Nixdorf include, but are not limited to, the expected timing and likelihood of the completion of the contemplated business combination, including the timing, receipt and terms and conditions of any required governmental and regulatory approvals of the contemplated business combination that could reduce anticipated benefits or cause the parties not to consummate, or to abandon the transaction, the ability to successfully integrate the businesses, the occurrence of any event, change or other circumstances that could give rise to the termination of the business combination agreement or the contemplated offer, the risk that the parties may not be willing or able to satisfy the conditions to the contemplated business combination or the contemplated offer in a timely manner or at all, risks related to disruption of management time from ongoing business operations due to the contemplated business combination, the risk that any announcements relating to the contemplated business combination could have adverse effects on the market price of Diebold’s common shares, and the risk that the contemplated transaction or the potential announcement of such transaction could have an adverse effect on the ability of Diebold to retain and hire key personnel and maintain relationships with its suppliers, and on its operating results and businesses generally. These risks, as well as other risks associated with the contemplated business combination, are more fully discussed in the prospectus that is attached as Annex 4 to the German offer document and has been filed with the SEC. Additional risks and uncertainties are identified and discussed in Diebold’s reports filed with the SEC and available at the SEC’s website at www.sec.gov. Any forward-looking statements speak only as at the date of this document. Except as required by applicable law, neither Diebold nor Wincor Nixdorf undertakes any obligation to update or revise publicly any forward-looking statement, whether as a result of new information, future events or otherwise.
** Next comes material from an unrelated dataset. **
(* Assume the Setting and consider Algorithm 1 with $0\le\beta<1$, and $\tau>1$, $\mu_0>0$ chosen such that $1-\frac{1+\eta}{\tau}-\eta-\frac{\mu_0}{4\sigma}>0$; let $n_\delta$ denote the stopping index for data $y^\delta$. Then there exists a solution $x^*$ of $F(x)=y$ with $x^*\in B_{2\rho}(x_0)\cap\mathrm{dom}(\mathcal R)$ such that for every sequence $\delta_l\to0$, $\delta_l>0$, and every choice of data $y^{\delta_l}$ with $\|y^{\delta_l}-y\|\le\delta_l$, one has $\lim_{l\to\infty}D_{\mathcal R}^{\xi_{n_{\delta_l}}^{\delta_l}}(x^*,x_{n_{\delta_l}}^{\delta_l})=0$ and $\lim_{l\to\infty}\|x_{n_{\delta_l}}^{\delta_l}-x^*\|=0$. (Here $x^*$ is the strong limit of the exact-data iterates $x_n$ of Algorithm 2 with the same parameters.) If in addition $\mathrm{Ker}(L(x^\dagger))\subset\mathrm{Ker}(L(x))$ for all $x\in B_{2\rho}(x_0)$, then $x^*=x^\dagger$.
   Context: Setting. Let $X,Y$ be real Hilbert spaces. Let $\mathcal R:X\to(-\infty,\infty]$ be proper, lower semicontinuous and strongly convex with constant $\sigma>0$, i.e. $\mathcal R(t\bar x+(1-t)x)+\sigma t(1-t)\|\bar x-x\|^2\le t\mathcal R(\bar x)+(1-t)\mathcal R(x)$ for all $\bar x,x\in\mathrm{dom}(\mathcal R)$ and $t\in[0,1]$. For $\xi\in\partial\mathcal R(x)$ (subdifferential) the Bregman distance is $D_{\mathcal R}^{\xi}(z,x)=\mathcal R(z)-\mathcal R(x)-\langle\xi,z-x\rangle$. The convex conjugate $\mathcal R^*$ is differentiable with $\|\nabla\mathcal R^*(\bar\xi)-\nabla\mathcal R^*(\xi)\|\le\|\bar\xi-\xi\|/(2\sigma)$, and $\nabla\mathcal R^*(\xi)=\arg\min_{x\in X}\{\mathcal R(x)-\langle\xi,x\rangle\}$ (unique minimizer), with $\xi\in\partial\mathcal R(\nabla\mathcal R^*(\xi))$. Let $F:\mathrm{dom}(F)\subset X\to Y$ and $y\in Y$. Assume: (b) there are $\rho>0$, $x_0\in X$, $\xi_0\in\partial\mathcal R(x_0)$ with $B_{2\rho}(x_0):=\{x:\|x-x_0\|\le 2\rho\}\subset\mathrm{dom}(F)$, and $F(x)=y$ has a solution $\bar x$ with $D_{\mathcal R}^{\xi_0}(\bar x,x_0)\le\sigma\rho^2$; (c) $F$ is weakly closed: if $x_n\in\mathrm{dom}(F)$, $x_n\rightharpoonup x$ and $F(x_n)\to v$, then $x\in\mathrm{dom}(F)$ and $F(x)=v$; (d) there are bounded linear operators $L(x):X\to Y$, $x\in B_{2\rho}(x_0)$, with $x\mapsto L(x)$ continuous on $B_{2\rho}(x_0)$, a constant $\eta\in[0,1)$ with $\|F(x)-F(\bar x)-L(\bar x)(x-\bar x)\|\le\eta\|F(x)-F(\bar x)\|$ for all $x,\bar x\in B_{2\rho}(x_0)$, and a constant $L>0$ with $\|L(x)\|\le L$ on $B_{2\rho}(x_0)$. Under these assumptions $F(x)=y$ has a unique solution $x^\dagger\in\mathrm{dom}(F)$ minimizing $D_{\mathcal R}^{\xi_0}(x,x_0)$ over all solutions; it satisfies $\|x^\dagger-x_0\|\le\rho$. Algorithm 1 (noisy data $y^\delta$ with $\|y^\delta-y\|\le\delta$, $\delta>0$). Parameters: $\tau>1$, $\beta\in[0,\infty]$, $\mu_0>0$, $\mu_1>0$, and a fixed choice of one of two step-size rules: (constant) $\alpha_n^\delta=\mu_0/L^2$, or (adaptive) $\alpha_n^\delta=\min\{\mu_0\|r_n^\delta\|^2/\|g_n^\delta\|^2,\mu_1\}$ (with $\mu_0\|r_n^\delta\|^2/\|g_n^\delta\|^2:=+\infty$ if $g_n^\delta=0$). Set $\xi_{-1}^\delta=\xi_0^\delta=\xi_0$, $x_0^\delta=x_0=\nabla\mathcal R^*(\xi_0)$. For $n\ge0$: (i) $r_n^\delta:=F(x_n^\delta)-y^\delta$; if $\|r_n^\delta\|\le\tau\delta$, stop and output $x_n^\delta$ (the stopping index is denoted $n_\delta$; it is finite under the hypotheses of the claim). (ii) $g_n^\delta:=L(x_n^\delta)^*r_n^\delta$ and $\alpha_n^\delta$ by the chosen rule. (iii) $m_n^\delta:=\xi_n^\delta-\xi_{n-1}^\delta$; $\tilde\gamma_0^\delta:=0$ and for $n\ge1$, $\tilde\gamma_n^\delta:=\langle m_n^\delta,x_n^\delta-x_{n-1}^\delta\rangle-(1-\eta)\alpha_{n-1}^\delta\|r_{n-1}^\delta\|^2+(1+\eta)\alpha_{n-1}^\delta\delta\|r_{n-1}^\delta\|+\beta_{n-1}^\delta\tilde\gamma_{n-1}^\delta$. (iv) $\beta_n^\delta:=\min\{\max\{0,(\alpha_n^\delta\langle g_n^\delta,m_n^\delta\rangle-2\sigma\tilde\gamma_n^\delta)/\|m_n^\delta\|^2\},\beta\}$ if $m_n^\delta\ne0$, and $\beta_n^\delta:=0$ if $m_n^\delta=0$. (v) $\xi_{n+1}^\delta:=\xi_n^\delta-\alpha_n^\delta g_n^\delta+\beta_n^\delta m_n^\delta$, $x_{n+1}^\delta:=\nabla\mathcal R^*(\xi_{n+1}^\delta)$. Algorithm 2 (exact data $y$). Same parameters $\beta,\mu_0,\mu_1$ and same step-size rule type: (constant) $\alpha_n=\mu_0/L^2$, or (adaptive) $\alpha_n=\min\{\mu_0\|r_n\|^2/\|g_n\|^2,\mu_1\}$ if $r_n\ne0$ and $\alpha_n=0$ if $r_n=0$. Set $\xi_{-1}=\xi_0$, $x_0=\nabla\mathcal R^*(\xi_0)$. For all $n\ge0$ (no stopping): $r_n:=F(x_n)-y$, $g_n:=L(x_n)^*r_n$, $\alpha_n$ by the rule; $m_n:=\xi_n-\xi_{n-1}$; $\tilde\gamma_0:=0$ and for $n\ge1$, $\tilde\gamma_n:=\langle m_n,x_n-x_{n-1}\rangle-(1-\eta)\alpha_{n-1}\|r_{n-1}\|^2+\beta_{n-1}\tilde\gamma_{n-1}$; $\beta_n:=\min\{\max\{0,(\alpha_n\langle g_n,m_n\rangle-2\sigma\tilde\gamma_n)/\|m_n\|^2\},\beta\}$ if $m_n\ne0$ and $\beta_n:=0$ if $m_n=0$; $\xi_{n+1}:=\xi_n-\alpha_ng_n+\beta_nm_n$, $x_{n+1}:=\nabla\mathcal R^*(\xi_{n+1})$. *)

theory Defs
  imports "HOL-Analysis.Analysis"
begin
This communication may outline certain key German tax principles related to the participation in the voluntary public tender offer that may be or may become relevant to holders of shares of Wincor Nixdorf. Any discussion of German tax considerations is of a general nature only and does not constitute a comprehensive or definitive explanation of all possible aspects of German taxation that may be relevant for shareholders of Wincor Nixdorf. Furthermore, this communication does not address non-German tax considerations that may apply to a shareholder that is a tax resident of a jurisdiction other than Germany. This communication is based upon domestic German tax laws in effect as of the date hereof. It is important to note that the legal situation may change, possibly with retroactive effect, and that no assurance can be given regarding the tax treatment of this transaction by fiscal authorities and the courts.